The court heard on Thursday that officers on the ground had described Mr de Menezes as “very jumpy and agitated” and said he had been “on the phone and sending text messages”.

Incredibly suspicious behaviour, wouldn’t you agree?

Also on Thursday, the court heard that DAC Dick had been told five times by officers that Mr de Menezes was Osman.

She said she had been told three times by a surveillance officer on the scene, codenamed Pat, and twice by her “silver” commander that the man officers had been following was Osman.

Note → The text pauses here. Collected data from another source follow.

text \<open>Write \<open>\<theta> = 2\<pi>p/g + \<zeta>\<close> with \<open>p\<close> integral and \<open>|\<zeta>| < \<delta>\<close>. At a grid point the phase of
  the summand of \<open>\<Phi>\<close> indexed by \<open>x\<close> is \<open>2\<pi>N(x)/g\<close> minus a constant, where \<open>N(x)\<close> sums \<open>p\<close>
  over the coordinates at which \<open>Z(x)\<close> takes the value \<open>1 - 1/g\<close>. Because the grid point lies
  outside \<open>\<Lambda>\<close>, \<open>N\<close> is not constant mod \<open>g\<close>, so two summands have phases differing by
  \<open>2\<pi>r/g\<close> with \<open>g \<nmid> r\<close>; their sum has modulus at most \<open>2 - sin\<^sup>2(\<pi>r/g) \<le> 2 - 1/g\<^sup>2\<close>.
  The perturbation \<open>\<zeta>\<close> moves every phase by at most \<open>\<delta>d\<close>, which for the given \<open>\<delta>\<close> eats up
  less than the saving.\<close>

lemma norm_cis_add_cis: "norm (cis a + cis b) = 2 * \<bar>cos ((a - b) / 2)\<bar>"
proof -
  have "cis a + cis b = cis ((a + b) / 2) * complex_of_real (2 * cos ((a - b) / 2))"
    unfolding complex_eq_iff by (simp add: sin_plus_sin cos_plus_cos)
  then show ?thesis by (simp add: norm_mult)
qed

lemma norm_cis_diff_cis: "norm (cis a - cis b) = 2 * \<bar>sin ((a - b) / 2)\<bar>"
proof -
  have "cis a - cis b = cis ((a + b) / 2) * (cis ((a - b) / 2) - cis (- ((a - b) / 2)))"
    by (simp add: right_diff_distrib cis_mult field_simps)
  also have "cis ((a - b) / 2) - cis (- ((a - b) / 2))
      = \<i> * complex_of_real (2 * sin ((a - b) / 2))"
    by (simp add: complex_eq_iff)
  finally show ?thesis by (simp add: norm_mult)
qed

This conflicts with testimony from surveillance officer Owen earlier this week:

Details of the identification came from a surveillance co-ordinator giving evidence during the health and safety trial against the Metropolitan Police.

The officer, known only as “Owen”, told the court: “There was a point when the senior management group knew that it wasn’t Nettletip (Osman’s codename). I believe that came across on the radio.

“I can’t say what the exact words were but there was a discussion about the situation on the bus and they wanted SO13 anti-terror police to stop the subject and establish intelligence about the residents and flats at Scotia Road.

“If he lived next to the subject he may have been able to tell us things of relevance. It later emerged that they (surveillance) had continued and Cressida Dick asked why the unidentified individual was still being followed if it was not Nettletip.”

Clare Montgomery, QC, prosecuting, asked: “Was he identified as positively not Nettletip?”

Owen replied: “Yes, the direction was for the surveillance teams to stop and for the anti-terror officers to gather the intelligence about the block of flats.

“After three or four minutes Cressida Dick and I were aware that the surveillance team had not pulled back and they were still following the male. Her belief was it definitely wasn’t the suspect.”

Owen said that at no time during the operation was Mr de Menezes, who came to Britain in 2002, “positively identified” as Osman. (Telegraph)

The case continues.

More at the Telegraph.


Cressida Dick said:

“We learn as the world changes and our operations develop but allowing properly trained people to balance the risks and make judgements seems to me to be absolutely fundamental.”

Absolutely right but we have to avoid putting ourselves in positions where it seems essential to kill someone who isn’t in fact a threat.

This happened with Harry Stanley, James Ashley (see the Guardian), and – I suspect – Jean Charles de Menezes.

And if you do end up killing someone, you must not mislead the public, or delay a statutory independent inquiry.

Thinking about it, I still don’t understand why they didn’t shoot Ivor, the surveillance officer with identical clothing and a rucksack.